As much as we don’t like Sub Zero, he’s far and away a preferable candidate to your other guy. Scorpion freaks us the fuck out. He never says anything, he smells terrible, and we’ve caught him hanging around out the front of the women’s dressing rooms looking shifty more than once. But as much as people are hankering for revenge on your two boys, no one wants to get in the ring with him because fairly strong rumour has it that if Scorpion’s beaten, he’ll explode in a ball of hellfire that will incinerate everyone and everything within a five foot radius. I can tell you now, however, that certain parties have made it clear that if he shoots that harpoon thing out of his hand and drags someone across the room again, a very large number of people will be getting together and taking some back-alley action.
Which brings us to you, Mr. Tsung. Unhappy rumblings have reached my ears about your performance in this debacle, and, on this point at least, I am one hundred percent in agreement. No-one has been particularly impressed with your habit of standing up in the rafters and shouting out ‘It has begun!’ at the start of every round. It’s disconcerting, and we have a good old-fashioned bell for such moments.

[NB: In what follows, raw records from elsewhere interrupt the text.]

lemma exists_orth_conj_Qblk:
  assumes d: "even d" and A: "A \<in> carrier_mat d d" and B: "B \<in> carrier_mat d d"
    and AB: "A * B = 1\<^sub>m d" and BA: "B * A = 1\<^sub>m d"
    and orth: "orth_mat d (A * Qblk d t * B)" and sin: "sin t \<noteq> 0"
  shows "\<exists>U. orth_mat d U \<and> (\<forall>\<theta>. A * Qblk d \<theta> * B = U * Qblk d \<theta> * transpose_mat U)"
proof -
  define K where "K = A * Jblk d * B"
  have K: "K \<in> carrier_mat d d"
    unfolding K_def using mult_carrier_mat[OF mult_carrier_mat[OF A Jblk_carrier] B] .
  have "K * K = A * (Jblk d * Jblk d) * B"
    unfolding K_def using A B BA by (intro similar_square) auto
  also have "\<dots> = - 1\<^sub>m d"
    using A B AB by (simp add: Jblk_square[OF d])
  finally have KK: "K * K = - 1\<^sub>m d" .
  have "orth_mat d (cos t \<cdot>\<^sub>m 1\<^sub>m d + sin t \<cdot>\<^sub>m K)"
    using orth similar_Qblk[OF A B AB] by (simp add: K_def)
  then have "transpose_mat K = - K"
    using skew_if_orth_scalar_plus_smult[OF K KK sin_cos_squared_add2 sin] by simp
  then interpret orthogonal_complex_structure d K
    using K KK by unfold_locales
  obtain U where U: "orth_mat d U" and KU: "K = U * Jblk d * transpose_mat U"
    using similar_Jblk[OF d] by blast
  have "A * Qblk d \<theta> * B = U * Qblk d \<theta> * transpose_mat U" for \<theta>
    using similar_Qblk[OF A B AB] similar_Qblk[of U d "transpose_mat U"] U orth_mat_mult_transpose[OF U]
    by (simp add: K_def[symmetric] KU orth_mat_def)
  then show ?thesis using U by blast
qed

theorem mainTheorem10:
  fixes d :: nat and \<nu> :: "real \<Rightarrow> real" and A Ainv :: "real mat"
  assumes "even d"
    and "\<And>x y. \<nu> (x + y) = \<nu> x + \<nu> y"
    and "A \<in> carrier_mat d d" and "Ainv \<in> carrier_mat d d"
    and "inverts_mat A Ainv" and "inverts_mat Ainv A"
    and "\<And>x. x \<ge> 0 \<Longrightarrow> orth_mat d (A * Qblk d (\<nu> x) * Ainv)"
  shows "\<exists>U. orth_mat d U \<and>
           (\<forall>x\<ge>0. A * Qblk d (\<nu> x) * Ainv = U * Qblk d (\<nu> x) * transpose_mat U)"
proof -
  note d = assms(1) and A = assms(3) and B = assms(4) and orth = assms(7)
  have AB: "A * Ainv = 1\<^sub>m d" and BA: "Ainv * A = 1\<^sub>m d"
    using assms(3-6) by (simp_all add: inverts_mat_def)
  show ?thesis
  proof (cases "\<exists>x\<ge>0. sin (\<nu> x) \<noteq> 0")
    case True
    then obtain x where "x \<ge> 0" "sin (\<nu> x) \<noteq> 0" by blast
    then show ?thesis
      using exists_orth_conj_Qblk[OF d A B AB BA orth] by blast
  next
    case False
    then have "A * Qblk d (\<nu> x) * Ainv = 1\<^sub>m d * Qblk d (\<nu> x) * transpose_mat (1\<^sub>m d)" if "x \<ge> 0" for x
      using similar_Qblk_if_sin_eq_0[OF A B AB] that
        left_mult_one_mat[OF Qblk_carrier] right_mult_one_mat[OF Qblk_carrier] by simp
    moreover have "orth_mat d (1\<^sub>m d)" by (simp add: orth_mat_def)
    ultimately show ?thesis by blast
  qed
qed

end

Likewise, calling out to your fighters ‘Finish him!’ when their opponent is on the ropes. These men have families, Mr. Tsung, families who can and frequently do attend the matches, and nobody’s wife likes to see some old guy screaming out for their husband to be beaten into a pulp.
We’re also not sure where you got the idea from that your victory in the tournament would lead to the ‘downfall of mankind and an everlasting night for all those who do not bow down to me’ but since the tournament’s inception the prize has been a hundred dollars and an all-you-can-eat voucher at Maurie’s Steak House out on Main Street. Although with the feelings in this town right now, I’d avoid eating anything prepared by locals if I were you. If you get my drift. You may be able to travel back and forth between worlds as you see fit, but Maurie’s Secret Recipe Hot Sauce will cover the taste of most anything until it’s too late.
We said you could enter the tournament because you were new in town and we wanted to extend the hand of friendship. But enough’s enough, and if you don’t resign voluntarily, we’ll (the Board again) be revoking your fight card.
Please don’t hurt me. They made me write this.
President, North Suttonville Amateur Boxing League.